[Collection entries]
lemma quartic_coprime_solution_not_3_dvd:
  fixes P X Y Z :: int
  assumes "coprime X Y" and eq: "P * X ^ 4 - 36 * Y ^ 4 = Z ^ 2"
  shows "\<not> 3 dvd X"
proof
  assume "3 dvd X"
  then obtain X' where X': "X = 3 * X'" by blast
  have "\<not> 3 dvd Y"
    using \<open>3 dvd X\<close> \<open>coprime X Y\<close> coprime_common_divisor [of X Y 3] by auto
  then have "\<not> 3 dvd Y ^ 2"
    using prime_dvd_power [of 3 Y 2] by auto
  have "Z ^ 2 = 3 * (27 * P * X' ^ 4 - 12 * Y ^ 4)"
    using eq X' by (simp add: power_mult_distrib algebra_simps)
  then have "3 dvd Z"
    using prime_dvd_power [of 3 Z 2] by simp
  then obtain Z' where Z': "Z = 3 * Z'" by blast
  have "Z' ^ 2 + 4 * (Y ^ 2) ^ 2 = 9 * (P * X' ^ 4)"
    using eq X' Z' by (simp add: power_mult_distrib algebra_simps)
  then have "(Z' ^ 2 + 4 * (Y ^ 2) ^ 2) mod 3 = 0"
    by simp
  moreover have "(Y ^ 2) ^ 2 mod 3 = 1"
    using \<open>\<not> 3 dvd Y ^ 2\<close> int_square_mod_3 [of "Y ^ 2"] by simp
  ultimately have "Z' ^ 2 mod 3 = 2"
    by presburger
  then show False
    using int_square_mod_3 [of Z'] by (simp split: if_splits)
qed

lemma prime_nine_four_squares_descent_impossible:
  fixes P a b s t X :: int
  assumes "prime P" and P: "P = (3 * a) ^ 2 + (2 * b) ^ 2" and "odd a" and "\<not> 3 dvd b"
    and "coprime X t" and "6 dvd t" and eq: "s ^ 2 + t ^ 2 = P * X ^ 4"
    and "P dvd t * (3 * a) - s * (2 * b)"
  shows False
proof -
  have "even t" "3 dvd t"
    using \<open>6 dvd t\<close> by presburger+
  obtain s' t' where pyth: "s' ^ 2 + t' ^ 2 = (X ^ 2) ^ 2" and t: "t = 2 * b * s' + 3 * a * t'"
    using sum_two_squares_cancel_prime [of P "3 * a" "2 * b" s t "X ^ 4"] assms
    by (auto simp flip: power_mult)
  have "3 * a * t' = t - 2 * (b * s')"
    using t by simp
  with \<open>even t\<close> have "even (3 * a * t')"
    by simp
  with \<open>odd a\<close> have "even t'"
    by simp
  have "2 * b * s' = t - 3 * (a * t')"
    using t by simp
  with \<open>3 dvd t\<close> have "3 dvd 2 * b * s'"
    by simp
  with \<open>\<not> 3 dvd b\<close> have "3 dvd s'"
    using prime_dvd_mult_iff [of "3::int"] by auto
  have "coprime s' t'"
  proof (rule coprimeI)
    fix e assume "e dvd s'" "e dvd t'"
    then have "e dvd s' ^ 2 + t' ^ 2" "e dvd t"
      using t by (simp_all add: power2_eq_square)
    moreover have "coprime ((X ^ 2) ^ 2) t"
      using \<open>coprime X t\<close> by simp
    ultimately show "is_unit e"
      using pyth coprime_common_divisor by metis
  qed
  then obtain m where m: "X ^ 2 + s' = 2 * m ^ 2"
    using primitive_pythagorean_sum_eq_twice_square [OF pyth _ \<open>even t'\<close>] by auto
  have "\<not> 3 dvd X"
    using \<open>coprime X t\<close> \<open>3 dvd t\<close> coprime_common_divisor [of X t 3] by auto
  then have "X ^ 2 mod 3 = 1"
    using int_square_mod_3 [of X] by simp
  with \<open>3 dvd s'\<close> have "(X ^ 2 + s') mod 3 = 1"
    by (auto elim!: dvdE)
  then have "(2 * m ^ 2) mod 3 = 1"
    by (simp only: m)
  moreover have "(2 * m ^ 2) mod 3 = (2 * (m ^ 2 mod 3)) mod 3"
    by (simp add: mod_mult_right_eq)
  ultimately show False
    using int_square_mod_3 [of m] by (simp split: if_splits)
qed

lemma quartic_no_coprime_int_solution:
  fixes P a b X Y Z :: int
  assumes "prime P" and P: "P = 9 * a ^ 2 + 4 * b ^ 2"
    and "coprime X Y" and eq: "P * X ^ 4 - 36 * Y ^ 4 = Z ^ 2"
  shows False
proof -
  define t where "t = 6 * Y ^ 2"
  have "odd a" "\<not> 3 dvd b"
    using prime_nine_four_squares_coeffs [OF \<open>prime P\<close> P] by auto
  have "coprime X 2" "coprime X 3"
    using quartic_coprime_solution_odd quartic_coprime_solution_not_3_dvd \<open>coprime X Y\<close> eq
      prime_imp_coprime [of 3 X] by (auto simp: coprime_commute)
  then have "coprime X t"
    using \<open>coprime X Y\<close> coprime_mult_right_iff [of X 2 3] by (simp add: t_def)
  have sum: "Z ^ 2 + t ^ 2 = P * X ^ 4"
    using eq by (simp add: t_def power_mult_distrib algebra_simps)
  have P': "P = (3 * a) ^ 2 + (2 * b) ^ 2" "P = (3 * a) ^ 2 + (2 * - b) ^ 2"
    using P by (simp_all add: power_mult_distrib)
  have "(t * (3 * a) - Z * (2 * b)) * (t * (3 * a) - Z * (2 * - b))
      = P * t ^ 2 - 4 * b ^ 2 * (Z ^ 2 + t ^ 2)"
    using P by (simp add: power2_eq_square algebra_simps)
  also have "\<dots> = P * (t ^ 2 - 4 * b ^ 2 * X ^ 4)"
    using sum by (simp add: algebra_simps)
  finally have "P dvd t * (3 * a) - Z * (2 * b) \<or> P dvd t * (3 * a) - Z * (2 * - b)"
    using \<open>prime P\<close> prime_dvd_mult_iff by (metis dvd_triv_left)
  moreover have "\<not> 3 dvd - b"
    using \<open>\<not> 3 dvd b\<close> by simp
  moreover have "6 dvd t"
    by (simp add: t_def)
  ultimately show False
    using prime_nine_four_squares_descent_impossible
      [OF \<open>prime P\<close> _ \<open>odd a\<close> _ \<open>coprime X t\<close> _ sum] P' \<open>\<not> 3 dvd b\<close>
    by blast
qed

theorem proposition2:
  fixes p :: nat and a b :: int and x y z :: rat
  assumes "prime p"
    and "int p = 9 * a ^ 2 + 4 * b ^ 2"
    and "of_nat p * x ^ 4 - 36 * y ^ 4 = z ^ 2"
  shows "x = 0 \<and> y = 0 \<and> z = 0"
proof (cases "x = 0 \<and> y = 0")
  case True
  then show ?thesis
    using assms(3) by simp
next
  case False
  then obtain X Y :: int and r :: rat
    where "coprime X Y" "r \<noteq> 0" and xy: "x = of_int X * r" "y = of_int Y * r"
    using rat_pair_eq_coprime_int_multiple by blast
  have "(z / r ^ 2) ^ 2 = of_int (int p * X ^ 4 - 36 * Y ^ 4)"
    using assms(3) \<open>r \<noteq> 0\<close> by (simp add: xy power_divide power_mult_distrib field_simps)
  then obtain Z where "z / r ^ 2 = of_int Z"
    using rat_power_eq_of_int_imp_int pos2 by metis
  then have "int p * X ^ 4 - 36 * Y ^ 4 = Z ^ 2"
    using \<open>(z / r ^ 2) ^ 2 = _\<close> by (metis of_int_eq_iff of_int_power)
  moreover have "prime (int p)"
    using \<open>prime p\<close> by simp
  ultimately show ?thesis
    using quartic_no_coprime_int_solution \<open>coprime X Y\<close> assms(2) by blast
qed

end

==

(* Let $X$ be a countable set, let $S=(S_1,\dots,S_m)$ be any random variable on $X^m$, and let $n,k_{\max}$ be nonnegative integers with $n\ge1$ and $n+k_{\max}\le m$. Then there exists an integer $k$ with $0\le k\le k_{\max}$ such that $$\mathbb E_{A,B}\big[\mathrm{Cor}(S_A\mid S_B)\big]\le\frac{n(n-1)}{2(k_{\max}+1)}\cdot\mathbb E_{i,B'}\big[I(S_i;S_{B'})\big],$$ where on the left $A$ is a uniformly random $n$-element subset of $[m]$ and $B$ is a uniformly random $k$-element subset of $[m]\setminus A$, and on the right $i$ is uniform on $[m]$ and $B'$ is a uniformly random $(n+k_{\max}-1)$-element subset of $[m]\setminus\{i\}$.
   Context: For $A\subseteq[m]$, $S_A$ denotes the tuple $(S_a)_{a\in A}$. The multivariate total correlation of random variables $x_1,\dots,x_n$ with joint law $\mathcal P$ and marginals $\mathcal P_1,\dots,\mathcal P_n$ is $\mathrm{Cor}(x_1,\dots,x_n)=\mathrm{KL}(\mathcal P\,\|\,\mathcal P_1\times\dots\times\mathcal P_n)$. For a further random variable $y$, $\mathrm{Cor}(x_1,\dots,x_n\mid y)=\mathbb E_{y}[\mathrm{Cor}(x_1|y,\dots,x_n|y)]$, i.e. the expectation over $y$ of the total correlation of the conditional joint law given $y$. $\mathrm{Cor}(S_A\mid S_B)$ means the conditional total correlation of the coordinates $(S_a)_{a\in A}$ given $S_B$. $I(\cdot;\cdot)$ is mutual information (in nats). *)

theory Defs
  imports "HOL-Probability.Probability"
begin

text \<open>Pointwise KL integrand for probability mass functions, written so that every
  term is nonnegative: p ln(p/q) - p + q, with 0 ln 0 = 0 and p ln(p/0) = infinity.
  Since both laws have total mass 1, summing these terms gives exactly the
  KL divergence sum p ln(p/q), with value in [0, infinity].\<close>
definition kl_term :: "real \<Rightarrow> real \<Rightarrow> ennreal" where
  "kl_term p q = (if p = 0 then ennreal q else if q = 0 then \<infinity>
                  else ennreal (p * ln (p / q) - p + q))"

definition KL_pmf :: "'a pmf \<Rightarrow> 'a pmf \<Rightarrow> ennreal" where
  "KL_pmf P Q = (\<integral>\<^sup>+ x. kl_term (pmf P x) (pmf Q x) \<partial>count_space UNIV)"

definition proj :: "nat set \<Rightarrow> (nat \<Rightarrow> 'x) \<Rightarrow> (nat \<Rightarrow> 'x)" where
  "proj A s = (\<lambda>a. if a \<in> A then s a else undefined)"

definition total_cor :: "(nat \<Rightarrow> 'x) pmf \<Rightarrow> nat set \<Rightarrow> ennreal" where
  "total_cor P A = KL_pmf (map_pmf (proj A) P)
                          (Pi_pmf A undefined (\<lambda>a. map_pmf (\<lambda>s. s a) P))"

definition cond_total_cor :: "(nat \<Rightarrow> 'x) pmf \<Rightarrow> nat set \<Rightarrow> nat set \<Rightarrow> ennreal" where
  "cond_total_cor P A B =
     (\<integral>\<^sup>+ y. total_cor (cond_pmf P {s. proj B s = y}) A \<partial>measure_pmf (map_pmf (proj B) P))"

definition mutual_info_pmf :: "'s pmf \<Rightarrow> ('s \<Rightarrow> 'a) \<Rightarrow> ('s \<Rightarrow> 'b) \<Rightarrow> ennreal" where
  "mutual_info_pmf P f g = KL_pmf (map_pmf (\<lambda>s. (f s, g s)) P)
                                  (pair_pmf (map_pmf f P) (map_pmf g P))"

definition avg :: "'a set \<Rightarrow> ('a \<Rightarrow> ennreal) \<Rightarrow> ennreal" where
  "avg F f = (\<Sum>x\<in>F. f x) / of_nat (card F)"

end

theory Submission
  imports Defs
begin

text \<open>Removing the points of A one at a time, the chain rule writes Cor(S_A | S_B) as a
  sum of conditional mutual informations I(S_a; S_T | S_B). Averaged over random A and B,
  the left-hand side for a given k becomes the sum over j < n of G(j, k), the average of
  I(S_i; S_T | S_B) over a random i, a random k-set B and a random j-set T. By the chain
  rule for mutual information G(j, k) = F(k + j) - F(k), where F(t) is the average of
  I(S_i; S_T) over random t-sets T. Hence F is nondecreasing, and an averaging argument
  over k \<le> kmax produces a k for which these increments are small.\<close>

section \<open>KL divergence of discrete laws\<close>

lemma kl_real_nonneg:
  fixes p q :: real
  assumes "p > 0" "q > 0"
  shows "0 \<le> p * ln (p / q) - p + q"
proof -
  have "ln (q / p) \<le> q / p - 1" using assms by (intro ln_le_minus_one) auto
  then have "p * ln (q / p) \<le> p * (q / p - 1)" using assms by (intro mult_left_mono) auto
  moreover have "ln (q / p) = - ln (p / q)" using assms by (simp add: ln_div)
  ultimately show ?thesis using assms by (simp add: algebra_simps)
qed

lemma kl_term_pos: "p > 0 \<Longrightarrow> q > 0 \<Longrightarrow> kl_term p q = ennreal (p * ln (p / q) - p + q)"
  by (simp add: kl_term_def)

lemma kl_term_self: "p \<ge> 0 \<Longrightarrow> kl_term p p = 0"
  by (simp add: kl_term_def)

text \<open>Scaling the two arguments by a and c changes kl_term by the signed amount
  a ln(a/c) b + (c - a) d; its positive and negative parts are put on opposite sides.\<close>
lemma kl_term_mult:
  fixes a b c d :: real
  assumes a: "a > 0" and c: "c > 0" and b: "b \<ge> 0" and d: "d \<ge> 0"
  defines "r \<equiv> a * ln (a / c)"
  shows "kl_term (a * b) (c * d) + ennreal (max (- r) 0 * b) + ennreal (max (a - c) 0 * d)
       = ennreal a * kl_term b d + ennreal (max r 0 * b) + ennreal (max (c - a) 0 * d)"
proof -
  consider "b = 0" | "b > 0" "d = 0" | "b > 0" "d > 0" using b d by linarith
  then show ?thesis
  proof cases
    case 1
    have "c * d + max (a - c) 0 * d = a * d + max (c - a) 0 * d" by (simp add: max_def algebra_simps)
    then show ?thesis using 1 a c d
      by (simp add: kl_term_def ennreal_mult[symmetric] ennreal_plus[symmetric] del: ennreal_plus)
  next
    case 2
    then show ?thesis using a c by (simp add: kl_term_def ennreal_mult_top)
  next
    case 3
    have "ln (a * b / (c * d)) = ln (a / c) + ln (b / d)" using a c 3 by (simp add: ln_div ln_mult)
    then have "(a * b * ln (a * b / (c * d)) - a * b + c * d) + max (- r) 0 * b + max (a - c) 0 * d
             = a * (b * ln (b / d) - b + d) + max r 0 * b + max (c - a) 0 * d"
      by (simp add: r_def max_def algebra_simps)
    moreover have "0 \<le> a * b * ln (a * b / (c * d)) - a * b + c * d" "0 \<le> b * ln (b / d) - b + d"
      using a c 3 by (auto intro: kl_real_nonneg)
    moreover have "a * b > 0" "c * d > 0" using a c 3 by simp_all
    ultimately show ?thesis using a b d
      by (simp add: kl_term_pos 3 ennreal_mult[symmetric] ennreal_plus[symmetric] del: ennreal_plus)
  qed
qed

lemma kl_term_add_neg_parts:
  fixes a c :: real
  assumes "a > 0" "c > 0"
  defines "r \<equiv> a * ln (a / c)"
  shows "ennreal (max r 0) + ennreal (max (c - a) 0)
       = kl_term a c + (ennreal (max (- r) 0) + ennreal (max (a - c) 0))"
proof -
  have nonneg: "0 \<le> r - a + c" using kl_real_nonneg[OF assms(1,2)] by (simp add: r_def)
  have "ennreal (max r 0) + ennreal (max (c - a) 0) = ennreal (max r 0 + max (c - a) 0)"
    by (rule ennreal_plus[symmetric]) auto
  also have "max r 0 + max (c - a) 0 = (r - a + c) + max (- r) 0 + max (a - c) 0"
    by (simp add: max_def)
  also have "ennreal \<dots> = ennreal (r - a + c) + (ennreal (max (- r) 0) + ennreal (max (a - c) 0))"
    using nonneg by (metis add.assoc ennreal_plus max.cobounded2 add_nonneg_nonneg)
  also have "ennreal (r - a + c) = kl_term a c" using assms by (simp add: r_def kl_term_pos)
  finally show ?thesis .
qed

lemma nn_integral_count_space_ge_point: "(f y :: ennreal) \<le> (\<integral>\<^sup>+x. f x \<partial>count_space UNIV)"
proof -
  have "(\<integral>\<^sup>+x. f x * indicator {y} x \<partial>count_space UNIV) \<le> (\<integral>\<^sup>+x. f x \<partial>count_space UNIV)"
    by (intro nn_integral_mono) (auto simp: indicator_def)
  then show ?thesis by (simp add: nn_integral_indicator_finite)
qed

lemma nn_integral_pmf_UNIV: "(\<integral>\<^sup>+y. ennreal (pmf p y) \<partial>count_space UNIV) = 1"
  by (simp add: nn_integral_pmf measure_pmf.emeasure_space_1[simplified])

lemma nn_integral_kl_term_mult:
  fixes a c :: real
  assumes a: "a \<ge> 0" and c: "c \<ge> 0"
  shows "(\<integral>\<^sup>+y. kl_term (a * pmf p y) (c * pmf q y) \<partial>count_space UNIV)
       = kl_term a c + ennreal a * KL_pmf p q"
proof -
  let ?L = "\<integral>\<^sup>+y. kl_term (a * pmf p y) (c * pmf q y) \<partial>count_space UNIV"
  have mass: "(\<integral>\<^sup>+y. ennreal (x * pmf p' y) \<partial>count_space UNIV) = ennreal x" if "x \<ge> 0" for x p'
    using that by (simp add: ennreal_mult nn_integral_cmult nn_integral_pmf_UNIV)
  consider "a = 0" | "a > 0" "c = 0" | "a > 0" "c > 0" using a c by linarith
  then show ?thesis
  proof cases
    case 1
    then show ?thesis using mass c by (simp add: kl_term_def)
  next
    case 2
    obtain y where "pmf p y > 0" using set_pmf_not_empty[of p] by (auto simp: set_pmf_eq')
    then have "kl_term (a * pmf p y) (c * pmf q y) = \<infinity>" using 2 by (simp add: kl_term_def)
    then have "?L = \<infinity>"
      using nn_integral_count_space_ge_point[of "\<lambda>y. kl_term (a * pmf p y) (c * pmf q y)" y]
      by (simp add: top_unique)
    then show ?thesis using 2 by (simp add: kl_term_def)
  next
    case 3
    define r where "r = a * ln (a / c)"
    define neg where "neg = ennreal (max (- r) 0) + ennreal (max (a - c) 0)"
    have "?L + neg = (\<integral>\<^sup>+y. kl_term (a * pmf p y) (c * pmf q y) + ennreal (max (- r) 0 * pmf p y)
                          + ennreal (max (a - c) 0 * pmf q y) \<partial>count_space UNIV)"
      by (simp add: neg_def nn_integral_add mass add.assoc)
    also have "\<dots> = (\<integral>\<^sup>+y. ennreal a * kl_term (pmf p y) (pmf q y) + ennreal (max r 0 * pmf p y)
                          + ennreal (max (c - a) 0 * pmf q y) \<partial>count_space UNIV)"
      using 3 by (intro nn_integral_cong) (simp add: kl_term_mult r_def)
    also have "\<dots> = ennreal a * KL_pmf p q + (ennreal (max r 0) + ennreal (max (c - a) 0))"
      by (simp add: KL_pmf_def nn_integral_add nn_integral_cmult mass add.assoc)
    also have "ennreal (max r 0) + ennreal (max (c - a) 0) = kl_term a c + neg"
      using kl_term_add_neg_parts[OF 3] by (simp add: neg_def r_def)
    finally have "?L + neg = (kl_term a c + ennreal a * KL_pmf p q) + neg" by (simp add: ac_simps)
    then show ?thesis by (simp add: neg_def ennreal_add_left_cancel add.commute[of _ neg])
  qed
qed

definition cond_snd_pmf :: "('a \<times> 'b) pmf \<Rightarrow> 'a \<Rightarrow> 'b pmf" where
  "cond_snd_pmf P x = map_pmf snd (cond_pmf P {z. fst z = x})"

#### Exercise aim
For the word "consider", count the lines of the data that contain it and give only the count.

#### Result of the exercise
2